UniEditBench: A Unified and Cost-Effective Benchmark for Image and Video Editing via Distilled MLLMs

arXiv cs.CV / 4/20/2026

📰 NewsDeveloper Stack & InfrastructureSignals & Early TrendsModels & Research

Key Points

  • The paper introduces UniEditBench, a unified benchmark designed to fairly evaluate both image and video editing models under a shared protocol across different paradigms.
  • It defines detailed taxonomy and operation coverage—nine image operations and eight video operations—including challenging tasks like counting and spatial reordering.
  • Because existing automatic metrics often diverge from human preferences and directly using large multimodal LLM evaluators is too costly, the authors distill a high-capacity MLLM judge into smaller 4B/8B evaluators.
  • The distilled evaluators deliver multi-dimensional scoring (e.g., structural fidelity, text alignment, background consistency, naturalness, and temporal-spatial consistency for videos) and show strong agreement with human judgments while greatly reducing evaluation cost.
  • UniEditBench and the associated reward models are released publicly for reproducible benchmarking of modern visual editing methods.

Abstract

The evaluation of visual editing models remains fragmented across methods and modalities.
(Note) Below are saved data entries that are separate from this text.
lemma clique_step:
  assumes "\<rho> \<le> 1/2" "split_tail a c D x" "a < n"
  shows "averaging_step n \<rho> x (tail_clique a) (\<lambda>i. if i \<in> {a..n} then (x a + x (Suc a)) / 2 else x i)"
    (is "averaging_step n \<rho> x ?G ?y")
proof (rule averaging_stepI)
  have a: "1 \<le> a" "x a = c + D" "x (Suc a) = c" "0 < D"
    using assms(2,3) unfolding split_tail_def by auto
  then show "graph_on n ?G"
    by (intro graph_on_tail_clique)
  show "\<forall>i\<in>{1..n}. x i \<in> {0..1}"
    using assms(2) unfolding split_tail_def by blast
  fix i assume i: "i \<in> {1..n}"
  show "\<exists>lo hi. lo \<le> hi \<and> neighbour_positions n x ?G i = {lo, hi} \<and>
      lo + \<rho> * (hi - lo) \<le> ?y i \<and> ?y i \<le> hi - \<rho> * (hi - lo)"
  proof (cases "i \<in> {a..n}")
    case True
    have "\<rho> * D \<le> D / 2"
      using assms(1) a(4) mult_right_mono[of \<rho> "1/2" D] by simp
    then have "c + \<rho> * (c + D - c) \<le> ?y i" "?y i \<le> c + D - \<rho> * (c + D - c)"
      using True a by auto
    then show ?thesis
      using True a(4) neighbour_positions_tail_clique[OF a(1) i] split_tail_image[OF assms(2,3)]
      by (intro exI[of _ c] exI[of _ "c + D"]) auto
  next
    case False
    then show ?thesis
      using neighbour_positions_tail_clique[OF a(1) i] by auto
  qed
qed

end

definition collapses_tail :: "nat \<Rightarrow> real \<Rightarrow> nat \<Rightarrow> real \<Rightarrow> real \<Rightarrow> positions \<Rightarrow> schedule \<Rightarrow> bool" where
  "collapses_tail n \<rho> a c D x L \<longleftrightarrow> admissible n \<rho> x L \<and>
     (\<exists>p\<in>{c..c + D}. \<forall>i\<in>{a..n}. final_positions x L i = p) \<and>
     (\<forall>i. i \<notin> {a..n} \<longrightarrow> final_positions x L i = x i)"

context
  fixes n :: nat and \<rho> :: real
begin

text \<open>The point where
  the tail was collapsed is the base c of the next round.\<close>

definition cascade_round ::
    "(nat \<Rightarrow> real \<Rightarrow> real \<Rightarrow> positions \<Rightarrow> schedule) \<Rightarrow> nat \<Rightarrow> real \<Rightarrow> real \<Rightarrow> positions \<Rightarrow> schedule" where
  "cascade_round sub a c D x =
     (let y = x(a := c + (1 - \<rho>) * D, Suc a := c + \<rho> * D)
      in (edge_graph n a (Suc a), y) # sub (Suc a) c (\<rho> * D) y)"

fun cascade_rounds ::
    "(nat \<Rightarrow> real \<Rightarrow> real \<Rightarrow> positions \<Rightarrow> schedule) \<Rightarrow> nat \<Rightarrow> nat \<Rightarrow> real \<Rightarrow> real \<Rightarrow> positions \<Rightarrow> schedule" where
  "cascade_rounds sub 0 a c D x = []"
| "cascade_rounds sub (Suc j) a c D x =
     (let L = cascade_round sub a c D x; z = final_positions x L
      in L @ cascade_rounds sub j a (z (Suc a)) (c + (1 - \<rho>) * D - z (Suc a)) z)"

primrec cascade :: "nat \<Rightarrow> nat \<Rightarrow> nat \<Rightarrow> real \<Rightarrow> real \<Rightarrow> positions \<Rightarrow> schedule" where
  "cascade m 0 a c D x = []"
| "cascade m (Suc k) a c D x =
     (let L = cascade_rounds (cascade m k) m a c D x; z = final_positions x L
      in L @ [(tail_clique n a, \<lambda>i. if i \<in> {a..n} then (z a + z (Suc a)) / 2 else z i)])"

end

text \<open>The energy of a k-level cascade in units of D^s: the i-th of its m rounds starts from a gap of
  at least (1-2\<rho>)^i D.\<close>

primrec cascade_energy :: "real \<Rightarrow> real \<Rightarrow> nat \<Rightarrow> nat \<Rightarrow> real" where
  "cascade_energy \<rho> s m 0 = 0"
| "cascade_energy \<rho> s m (Suc k) = (\<Sum>i<m. ((1 - 2 * \<rho>) powr s) ^ i) * (1 + \<rho> powr s * cascade_energy \<rho> s m k)"

lemma cascade_energy_nonneg: "0 \<le> cascade_energy \<rho> s m k"
  by (induction k) (auto intro!: sum_nonneg mult_nonneg_nonneg add_nonneg_nonneg)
Existing benchmarks are often tailored to specific paradigms, making fair cross-paradigm comparisons difficult, while video editing lacks reliable evaluation benchmarks. Furthermore, common automatic metrics often misalign with human preference, yet directly deploying large multimodal models (MLLMs) as evaluators incurs prohibitive computational and financial costs. We present UniEditBench, a unified benchmark for image and video editing that supports reconstruction-based and instruction-driven methods under a shared protocol. UniEditBench includes a structured taxonomy of nine image operations (Add, Remove, Replace, Change, Stroke-based, Extract, Adjust, Count, Reorder) and eight video operations, with coverage of challenging compositional tasks such as counting and spatial reordering. To enable scalable evaluation, we distill a high-capacity MLLM judge (Qwen3-VL-235B-A22B Instruct) into lightweight 4B/8B evaluators that provide multi-dimensional scoring over structural fidelity, text alignment, background consistency, naturalness, and temporal-spatial consistency (for videos). Experiments show that the distilled evaluators maintain strong agreement with human judgments and substantially reduce deployment cost relative to the teacher model. UniEditBench provides a practical and reproducible protocol for benchmarking modern visual editing methods. Our benchmark and the associated reward models are publicly available at https://github.com/wesar1/UniEditBench.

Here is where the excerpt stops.